Comrade Luxemburg says that I characterised my stand point more acutely, perhaps, than any of my opponents could have done when I defined a revolutionary Social-Democrat as a Jacobin who has identified himself with the organisation of the class-conscious workers. Yet another error of fact. It was P. Axelrod, not I, who first started talking about Jacobinism. He was the first to liken our Party trends to those of the days of the great French Revolution. I merely observed that the parallel could only be allowed in the sense that the division of present-day Social-Democracy into a revolutionary and an opportunist wing corresponded to some extent to the division into Montagnards and Girondists. The old Iskra, which the Party Congress endorsed, often drew such a parallel. Just because it recognised this division, the old Iskra fought against the opportunist wing in our Party, against the Rabocheye Dyelo trend. Rosa Luxemburg here confuses comparison of the two revolutionary trends of the eighteenth and the twentieth century with identification of those trends. If I say, for example, that the Jungfrau stands in the same relation to the Little Scheidegg as a house of four storeys to one of two, that does not mean I identify a four-storey house with the Jungfrau. Comrade Luxemburg leaves completely out of sight the factual analysis of the different trends in our Party. Yet the greater half of my book is devoted precisely to this analysis, based on the minutes of our Party Congress, and in the preface I call special attention to the fact. Rosa Luxemburg sets out to talk about the present position in our Party while totally ignoring our Congress, which was what really laid our Party’s foundation. A rash enterprise, it has to be said! Particularly since I point out a hundred times in my book that my opponents ignore our Party Congress and by so doing leave all their assertions devoid of all foundation of fact.

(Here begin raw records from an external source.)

(* Let $0<\nu<1$, let $\chi$ be a kernel with $M_\nu(\chi)<\infty$, and let $f\in\mathcal{C}(\mathbb{R}^+)$. Then for all sufficiently large $w>0$ and every $t\in\mathbb{R}^+$, $$|(S_w^\chi f)(t)-f(t)|\le \omega(f,w^{-\nu})\,[M_\nu(\chi)+2M_0(\chi)]+2^{\nu+1}\|f\|_\infty M_\nu(\chi)\,w^{-\nu}.$$
   Context: Let $\mathbb{R}^+=(0,\infty)$. For $\chi:\mathbb{R}^+\to\mathbb{R}$ and $\nu\ge 0$ set $M_\nu(\chi):=\sup_{u>0}\sum_{k\in\mathbb{Z}}|\chi(e^{-k}u)|\,|k-\log u|^\nu$ (with $|k-\log u|^0:=1$). A kernel is a function $\chi:\mathbb{R}^+\to\mathbb{R}$ such that (K1) $\sum_{k\in\mathbb{Z}}\chi(e^{-k}u)=1$ for every $u\in\mathbb{R}^+$, and (K2) $M_0(\chi)<\infty$ and $M_\nu(\chi)<\infty$ for some $\nu>0$. For a bounded $f:\mathbb{R}^+\to\mathbb{R}$, $w>0$ and $t\in\mathbb{R}^+$, the exponential sampling series is $(S_w^\chi f)(t)=\sum_{k\in\mathbb{Z}}\chi(e^{-k}t^w)\,f(e^{k/w})$. $\|f\|_\infty=\sup_{x>0}|f(x)|$. $\mathcal{C}(\mathbb{R}^+)$ is the space of bounded functions $f:\mathbb{R}^+\to\mathbb{R}$ that are log-uniformly continuous: for every $\epsilon>0$ there is $\delta>0$ with $|f(p)-f(q)|<\epsilon$ whenever $|\log p-\log q|<\delta$. The logarithmic modulus of continuity is $\omega(f,\delta):=\sup\{|f(p)-f(q)|: p,q\in\mathbb{R}^+,\ |\log p-\log q|\le\delta\}$ for $\delta>0$. *)

theory Defs
  imports "HOL-Analysis.Analysis"
begin

text \<open>|x|^nu with the convention |x|^0 := 1 (Isabelle's 0 powr 0 = 0).\<close>
definition abspow :: "real \<Rightarrow> real \<Rightarrow> real" where
  "abspow x nu = (if nu = 0 then 1 else \<bar>x\<bar> powr nu)"

text \<open>Absolute moment M_nu(chi), valued in [0,\<infinity>] so that divergence is recorded as \<infinity>.\<close>
definition M_moment :: "real \<Rightarrow> (real \<Rightarrow> real) \<Rightarrow> ennreal" where
  "M_moment nu chi = (SUP u\<in>{0<..}. (\<Sum>\<^sub>\<infinity>k::int. ennreal (\<bar>chi (exp (- real_of_int k) * u)\<bar>
                         * abspow (real_of_int k - ln u) nu)))"

definition is_kernel :: "(real \<Rightarrow> real) \<Rightarrow> bool" where
  "is_kernel chi \<longleftrightarrow>
     (\<forall>u>0. ((\<lambda>k::int. chi (exp (- real_of_int k) * u)) has_sum 1) UNIV) \<and>
     M_moment 0 chi < \<infinity> \<and> (\<exists>nu>0. M_moment nu chi < \<infinity>)"

definition exp_sampling :: "(real \<Rightarrow> real) \<Rightarrow> real \<Rightarrow> (real \<Rightarrow> real) \<Rightarrow> real \<Rightarrow> real" where
  "exp_sampling chi w f t = (\<Sum>\<^sub>\<infinity>k::int. chi (exp (- real_of_int k) * t powr w) * f (exp (real_of_int k / w)))"

definition sup_norm :: "(real \<Rightarrow> real) \<Rightarrow> real" where
  "sup_norm f = Sup {\<bar>f x\<bar> | x. x > 0}"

Comrade Luxemburg commits exactly the same basic error. She repeats naked words without troubling to grasp their concrete meaning. She raises bogeys without informing herself of the actual issue in the controversy. She puts in my mouth commonplaces, general principles and conceptions, absolute truths, and tries to pass over the relative truths, pertaining to perfectly definite facts, with which alone I operate. And then she rails against set formulas and invokes the dialectics of Marx! It is the worthy comrade’s own article that consists of nothing but manufactured formulas and runs counter to the ABC of dialectics. This ABC tells us that there is no such thing as abstract truth, truth is always concrete. Comrade Rosa Luxemburg loftily ignores the concrete facts of our Party struggle and engages in grandiloquent declamation about matters which it is impossible to discuss seriously. Let me cite one last example from Comrade Luxemburg’s second article. She quotes my remark that the way the Rules of Organisation are formulated can make them a more or a less trenchant weapon against opportunism.[3] Just what formulations I talked about in my book and all of us talked about at the Congress, of that she does not say a word. What the controversy at the Party Congress was, and against whom I advanced my theses, she does not touch on in the slightest. Instead, she favours me with a whole lecture on opportunism ... in the parliamentary countries!! But about the peculiar, specific varieties of opportunism in Russia, the shades which it has taken on there and with which my book is concerned, we find not a word in her article. The upshot of all these very brilliant arguments is: “Party Rules are not meant in themselves [?? understand this who can!] to be a weapon of resistance to opportunism, but only an outward instrument for exerting the dominant influence of the actually existing revolutionary-proletarian majority of the Party.” Quite so. But how this actually existing majority of our Party was formed Rosa Luxemburg does not say, yet that is exactly what I talk about in my book. Nor does she say what influence it was that Plekhanov and I defended with the help of this outward instrument. I can only add that never and nowhere have I talked such nonsense as that the Party Rules are a weapon “in themselves”.
The best way to answer this kind of presentation of my views will be to set forth the concrete facts of our Party struggle. Anyone will then be able to see how ill Comrade Luxemburg’s abstract commonplaces and formulas sort with the concrete facts.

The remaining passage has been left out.